REQUIRED WORK: For this exercise, restate word for word only the lines from the first line of the data to the line containing "n) = commutator".

LISTED ENTRIES:
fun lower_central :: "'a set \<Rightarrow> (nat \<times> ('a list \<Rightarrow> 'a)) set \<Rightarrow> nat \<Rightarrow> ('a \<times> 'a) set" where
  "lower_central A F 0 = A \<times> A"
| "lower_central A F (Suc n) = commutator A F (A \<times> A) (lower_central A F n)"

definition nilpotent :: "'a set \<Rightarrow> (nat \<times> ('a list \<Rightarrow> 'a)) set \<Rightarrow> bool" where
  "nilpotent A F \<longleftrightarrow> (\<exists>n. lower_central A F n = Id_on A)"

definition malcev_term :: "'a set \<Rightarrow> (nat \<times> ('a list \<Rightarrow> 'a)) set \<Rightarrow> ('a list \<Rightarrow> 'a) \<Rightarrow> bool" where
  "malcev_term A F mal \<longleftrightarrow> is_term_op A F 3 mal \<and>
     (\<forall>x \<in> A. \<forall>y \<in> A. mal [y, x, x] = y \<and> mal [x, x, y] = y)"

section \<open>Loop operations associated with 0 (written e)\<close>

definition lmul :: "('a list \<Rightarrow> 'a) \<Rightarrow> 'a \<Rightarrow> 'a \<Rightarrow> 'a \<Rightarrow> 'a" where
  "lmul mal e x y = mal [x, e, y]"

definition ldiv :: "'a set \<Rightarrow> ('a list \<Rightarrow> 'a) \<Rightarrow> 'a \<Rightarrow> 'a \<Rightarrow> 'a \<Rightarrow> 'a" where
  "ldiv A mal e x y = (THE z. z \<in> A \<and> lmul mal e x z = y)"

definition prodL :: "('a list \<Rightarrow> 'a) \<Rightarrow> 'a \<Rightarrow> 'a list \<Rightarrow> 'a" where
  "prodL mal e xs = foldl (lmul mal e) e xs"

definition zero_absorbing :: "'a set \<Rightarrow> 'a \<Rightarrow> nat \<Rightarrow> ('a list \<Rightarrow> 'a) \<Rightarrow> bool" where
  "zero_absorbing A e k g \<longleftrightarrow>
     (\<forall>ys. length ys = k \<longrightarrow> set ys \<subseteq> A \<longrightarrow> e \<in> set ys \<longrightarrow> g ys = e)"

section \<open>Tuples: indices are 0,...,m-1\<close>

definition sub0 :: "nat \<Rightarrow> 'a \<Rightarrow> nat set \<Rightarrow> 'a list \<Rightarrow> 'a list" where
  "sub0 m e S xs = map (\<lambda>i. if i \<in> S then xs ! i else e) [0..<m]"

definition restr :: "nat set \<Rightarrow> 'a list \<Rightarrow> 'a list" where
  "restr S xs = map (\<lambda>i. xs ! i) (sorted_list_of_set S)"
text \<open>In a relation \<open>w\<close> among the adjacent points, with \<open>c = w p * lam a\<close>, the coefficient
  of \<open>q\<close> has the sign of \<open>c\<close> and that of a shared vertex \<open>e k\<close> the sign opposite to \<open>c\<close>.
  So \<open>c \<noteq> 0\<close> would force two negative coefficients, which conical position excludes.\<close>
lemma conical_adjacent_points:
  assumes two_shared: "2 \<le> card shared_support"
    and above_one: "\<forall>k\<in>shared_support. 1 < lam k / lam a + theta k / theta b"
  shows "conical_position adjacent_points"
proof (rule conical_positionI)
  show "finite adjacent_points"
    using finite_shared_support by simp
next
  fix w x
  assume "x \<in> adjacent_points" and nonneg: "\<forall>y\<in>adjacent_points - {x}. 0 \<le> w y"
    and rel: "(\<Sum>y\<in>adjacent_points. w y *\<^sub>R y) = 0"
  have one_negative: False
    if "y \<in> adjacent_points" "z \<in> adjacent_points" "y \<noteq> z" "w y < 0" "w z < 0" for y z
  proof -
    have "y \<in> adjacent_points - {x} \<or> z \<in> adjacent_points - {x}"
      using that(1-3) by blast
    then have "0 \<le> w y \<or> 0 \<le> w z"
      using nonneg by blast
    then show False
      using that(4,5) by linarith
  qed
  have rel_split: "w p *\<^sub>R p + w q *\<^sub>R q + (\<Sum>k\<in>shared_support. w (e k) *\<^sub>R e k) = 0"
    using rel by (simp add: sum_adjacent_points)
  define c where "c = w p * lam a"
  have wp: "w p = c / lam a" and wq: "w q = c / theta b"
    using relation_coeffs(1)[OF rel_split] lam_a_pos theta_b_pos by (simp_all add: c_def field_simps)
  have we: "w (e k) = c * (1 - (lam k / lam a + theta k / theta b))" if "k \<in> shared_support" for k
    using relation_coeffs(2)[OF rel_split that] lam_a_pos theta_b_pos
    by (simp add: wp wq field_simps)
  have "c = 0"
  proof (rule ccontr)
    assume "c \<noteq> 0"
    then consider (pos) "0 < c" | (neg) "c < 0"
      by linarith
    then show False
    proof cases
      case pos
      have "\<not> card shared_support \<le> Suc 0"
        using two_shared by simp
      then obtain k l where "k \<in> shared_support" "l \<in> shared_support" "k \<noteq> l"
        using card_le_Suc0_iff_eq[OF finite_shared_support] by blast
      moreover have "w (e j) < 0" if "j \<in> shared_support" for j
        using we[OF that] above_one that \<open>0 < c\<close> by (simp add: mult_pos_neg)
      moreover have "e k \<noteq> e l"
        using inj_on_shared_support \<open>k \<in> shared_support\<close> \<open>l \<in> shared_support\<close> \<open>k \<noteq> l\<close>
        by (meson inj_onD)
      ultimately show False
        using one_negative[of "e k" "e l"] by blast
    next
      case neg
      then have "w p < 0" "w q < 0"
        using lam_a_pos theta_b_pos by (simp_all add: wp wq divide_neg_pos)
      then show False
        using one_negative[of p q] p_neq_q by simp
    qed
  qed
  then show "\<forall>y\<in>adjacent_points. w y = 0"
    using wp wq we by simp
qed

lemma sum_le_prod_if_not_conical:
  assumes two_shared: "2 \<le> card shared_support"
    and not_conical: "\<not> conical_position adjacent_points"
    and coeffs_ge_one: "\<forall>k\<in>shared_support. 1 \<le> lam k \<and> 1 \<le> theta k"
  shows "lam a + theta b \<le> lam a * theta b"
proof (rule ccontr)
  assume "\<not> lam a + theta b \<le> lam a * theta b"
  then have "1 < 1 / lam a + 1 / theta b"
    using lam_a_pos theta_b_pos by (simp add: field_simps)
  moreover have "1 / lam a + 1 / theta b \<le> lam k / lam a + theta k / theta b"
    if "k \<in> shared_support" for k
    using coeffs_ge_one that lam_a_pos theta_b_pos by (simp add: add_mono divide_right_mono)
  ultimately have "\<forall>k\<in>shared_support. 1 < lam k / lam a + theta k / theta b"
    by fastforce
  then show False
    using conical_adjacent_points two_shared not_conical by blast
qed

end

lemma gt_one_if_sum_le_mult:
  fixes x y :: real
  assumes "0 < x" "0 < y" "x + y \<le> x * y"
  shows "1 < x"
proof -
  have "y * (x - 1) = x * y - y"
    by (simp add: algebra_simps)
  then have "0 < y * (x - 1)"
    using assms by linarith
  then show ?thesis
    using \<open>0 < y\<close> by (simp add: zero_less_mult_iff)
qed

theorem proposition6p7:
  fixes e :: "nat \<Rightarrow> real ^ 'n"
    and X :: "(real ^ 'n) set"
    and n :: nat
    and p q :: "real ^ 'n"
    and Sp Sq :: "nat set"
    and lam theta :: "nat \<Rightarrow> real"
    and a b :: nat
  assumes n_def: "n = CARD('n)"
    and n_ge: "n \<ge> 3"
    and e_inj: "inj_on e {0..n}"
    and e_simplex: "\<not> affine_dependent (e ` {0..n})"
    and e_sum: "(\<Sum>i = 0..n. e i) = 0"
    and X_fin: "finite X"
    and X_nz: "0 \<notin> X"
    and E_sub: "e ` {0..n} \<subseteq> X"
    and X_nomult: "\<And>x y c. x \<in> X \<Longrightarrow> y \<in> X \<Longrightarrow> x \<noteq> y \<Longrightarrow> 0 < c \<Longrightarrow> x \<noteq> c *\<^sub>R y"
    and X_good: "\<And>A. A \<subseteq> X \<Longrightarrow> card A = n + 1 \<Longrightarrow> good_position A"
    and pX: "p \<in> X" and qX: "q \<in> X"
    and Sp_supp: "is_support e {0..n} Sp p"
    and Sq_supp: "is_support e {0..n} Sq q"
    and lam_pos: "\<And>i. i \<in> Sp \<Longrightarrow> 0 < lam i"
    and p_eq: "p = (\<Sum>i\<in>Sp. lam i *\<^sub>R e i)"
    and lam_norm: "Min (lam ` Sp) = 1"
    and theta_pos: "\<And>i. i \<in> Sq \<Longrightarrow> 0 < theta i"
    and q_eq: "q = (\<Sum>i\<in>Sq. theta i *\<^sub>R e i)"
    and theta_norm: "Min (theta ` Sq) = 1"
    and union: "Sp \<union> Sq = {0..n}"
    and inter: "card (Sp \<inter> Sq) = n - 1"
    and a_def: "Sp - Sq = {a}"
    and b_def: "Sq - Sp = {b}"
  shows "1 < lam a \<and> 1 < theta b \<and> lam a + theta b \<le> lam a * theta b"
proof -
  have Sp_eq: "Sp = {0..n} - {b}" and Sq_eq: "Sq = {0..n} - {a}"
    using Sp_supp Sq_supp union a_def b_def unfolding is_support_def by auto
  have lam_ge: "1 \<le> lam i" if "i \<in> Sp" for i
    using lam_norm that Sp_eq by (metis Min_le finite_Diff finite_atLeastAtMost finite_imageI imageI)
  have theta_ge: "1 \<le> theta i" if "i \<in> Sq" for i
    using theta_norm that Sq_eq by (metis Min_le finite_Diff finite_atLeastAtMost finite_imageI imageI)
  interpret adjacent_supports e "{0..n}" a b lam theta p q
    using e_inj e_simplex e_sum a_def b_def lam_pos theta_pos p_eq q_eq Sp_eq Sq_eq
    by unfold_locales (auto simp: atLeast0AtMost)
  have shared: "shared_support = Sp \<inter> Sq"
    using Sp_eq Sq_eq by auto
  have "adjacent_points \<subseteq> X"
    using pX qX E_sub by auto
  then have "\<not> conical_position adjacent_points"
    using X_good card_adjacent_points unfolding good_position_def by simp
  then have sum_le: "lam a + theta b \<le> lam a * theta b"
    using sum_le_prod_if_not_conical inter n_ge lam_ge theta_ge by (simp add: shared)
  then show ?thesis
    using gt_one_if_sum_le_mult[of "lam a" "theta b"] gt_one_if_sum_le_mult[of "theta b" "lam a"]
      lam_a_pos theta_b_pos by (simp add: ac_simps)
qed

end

OUTPUT FOR THIS TASK:
fun lower_central :: "'a set \<Rightarrow> (nat \<times> ('a list \<Rightarrow> 'a)) set \<Rightarrow> nat \<Rightarrow> ('a \<times> 'a) set" where
  "lower_central A F 0 = A \<times> A"
| "lower_central A F (Suc n) = commutator A F (A \<times> A) (lower_central A F n)"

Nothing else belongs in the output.